One of Amarnath's business partners Govardhandas always wanted his daughter to marry Vicky but is always insulted by Vicky in the past, so Govardhandas meets Natwar and pays him money to separate Vicky and Meena.

Abdul, who was helped by Vicky earlier, finds that his son is missing. Natwar meets him and says that kidnappers have kidnapped his son and has demanded that Abdul kills Meena. Abdul shows the kidnappers the dead body of Meena and they return his son back to him.

Vicky hears the death of Meena and fights with Natwar, where he blames that Abdul was the one who has killed Meena upon Govardhandas' orders.

Meanwhile, Amarnath realizes his mistakes and starts missing Vicky. Desperate to see Vicky, Amarnath starts drinking and his business partner along with Govardhandas takes advantage by taking Amarnath's property under their name and planning to kill Amarnath.

Vicky learns about this and confronts Govardhandas and his henchmen to a fight. Vicky is shot by Natwar on his arm but is rescued by Anwar who then arrests Natwar and Govardhandas. Vicky is helped by all his poor people whom he has helped in the past and nabs the remaining goons. Abdul brings Meena to injured Vicky and Amarnath, stating that Vicky has helped his son in past so he would not kill Vicky's love. Amarnath accepts his mistakes and welcomes Meena in his family.

In the end, Vicky opens a housing complex for the poor and homeless and names it Munshi Phoolchand Nagar.

== Cast ==

- Amitabh Bachchan as Vicky Kapoor
- Jaya Prada as Meena
- Ranjeet as Natwar Shah
- Pran as Rai Sahib Amarnath Kapoor
- Om Prakash as Munshi Phoolchand
- Deepak Parashar as Inspector Anwar
- Chandrashekhar as Advocate Saxena
- Ashalata Wabgaonkar as Mrs. Amarnath Kapoor
- Bharat Bhushan as School Master/Principal
- Suresh Oberoi as Abdul
- Mukri as Mr. Nathulal
- Vikas Anand as Mr. Lobo
- A. K. Hangal as Meena's Father
- Satyen Kappu as Seth Govardhandas, Paper King
- Bhushan Tiwari as Mr. Gore
- Sunder as Mr. Khaitaan, Cement King
- Jankidas as Rustomjee Bandookwala
- Viju Khote as Mr. Nahata, Partner of Liquior Factory
- Babban as one amongst the dancers in "Jahan chaar yaar" song
- Smita Patil as guest appearance in the song "Jahan Chaar Yaar Mil Jaye"

==Soundtrack==
The music of this album is composed by Bappi Lahiri who won the Filmfare Award for Best Music Director. The song "Jahan Chaar Yaar" is inspired from Runa Laila's classic Bengali song "Bondhu Teen Din".

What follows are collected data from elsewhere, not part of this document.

lemma functional_eq_on_span:
  assumes "module_hom scale (*) f" "module_hom scale (*) h"
    and "\<And>b. b \<in> B \<Longrightarrow> f b = h b" and "y \<in> span B"
  shows "f y = h y"
  by (rule module_pair.module_hom_eq_on_span[OF _ assms])
    (intro module_pair.intro module_axioms module_field_itself)

lemma vector_space_scale_fun: "vector_space (scale_fun scale)"
  unfolding vector_space_def module_def scale_fun_def
  by (auto simp: fun_eq_iff scale_right_distrib scale_left_distrib)

lemma independent_diagonal_family:
  fixes G :: "nat \<Rightarrow> 'c \<Rightarrow> 'b" and p :: "nat \<Rightarrow> 'c"
  assumes off_diag: "\<And>i j. i \<noteq> j \<Longrightarrow> G j (p i) = 0" and diag: "\<And>i. G i (p i) \<noteq> 0"
  shows "inj G" and "\<not> module.dependent (scale_fun scale) (range G)"
proof -
  interpret F: vector_space "scale_fun scale" by (rule vector_space_scale_fun)
  show "inj G"
    by (rule injI) (metis diag off_diag)
  show "F.independent (range G)"
    unfolding F.independent_explicit_finite_subsets
  proof (intro allI impI ballI)
    fix S u v
    assume S: "S \<subseteq> range G" "finite S" and v: "v \<in> S"
      and sum0: "(\<Sum>v\<in>S. scale_fun scale (u v) v) = 0"
    obtain i where vi: "v = G i" using S v by auto
    have others: "w (p i) = 0" if w: "w \<in> S - {v}" for w
    proof -
      obtain j where "w = G j" using w S(1) by auto
      then show ?thesis using w vi off_diag[of i j] by auto
    qed
    have "0 = (\<Sum>w\<in>S. scale (u w) (w (p i)))"
      using fun_cong[OF sum0, of "p i"] by (simp add: sum_fun_apply scale_fun_def)
    also have "\<dots> = scale (u v) (v (p i))"
      using others by (simp add: sum.remove[OF S(2) v] sum.neutral)
    finally show "u v = 0" using diag vi by simp
  qed
qed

Vocals supplied by Kishore Kumar for Amitabh Bachchan and Asha Bhosle for Jaya Prada. Kumar won his 7th Best Male Playback Singer. Kishore Kumar was only singer nominated for that year for four songs from this album: "De De Pyar De", "Inteha Ho Gayi Intezar Ki", "Log Kehte Hain" and won for the song "Manzilen Apni Jagah Hain".

===Track listing===

| Song | Singer | Raga |
|---|---|---|
| "Jahan Chaar Yaar Mil Jaye, Wahi Raat Ho Gulzar" | Amitabh Bachchan, Kishore Kumar |  |
| "Manzilen Apni Jagah Hain" | Kishore Kumar |  |
| "De De Pyar De" (Male) | Kishore Kumar | Pilu (raga) |
| "Mujhe Naulakha Manga De Re, O Saiyaan Deewane" | Kishore Kumar, Asha Bhosle | Pilu (raga) |
| "Inteha Ho Gayi Intezar Ki, Aayi Na Kuch Khabar" | Kishore Kumar, Asha Bhosle | Madhukauns |
| "De De Pyar De" (Female) | Asha Bhosle | Pilu (raga) |
| "Log kehte Hain" | Kishore Kumar | Yaman Kalyan |

== Awards ==

- 32nd Filmfare Awards

Won

- Best Music Director – Bappi Lahiri
- Best Male Playback Singer – Kishore Kumar for "Manzilein Apni Jaga"

Nominated

- Best Film – Prakash Mehra
- Best Director – Prakash Mehra
- Best Actor – Amitabh Bachchan
- Best Actress – Jaya Prada
- Best Lyricist – Anjaan for "Manzilein Apni Jaga"
- Best Lyricist – Anjaan and Prakash Mehra for "Inteha Ho Gayi"
- Best Male Playback Singer – Kishore Kumar for "De De Pyaar De"
- Best Male Playback Singer – Kishore Kumar for "Inteha Ho Gayi"
- Best Male Playback Singer – Kishore Kumar for "Log Kehte Hai"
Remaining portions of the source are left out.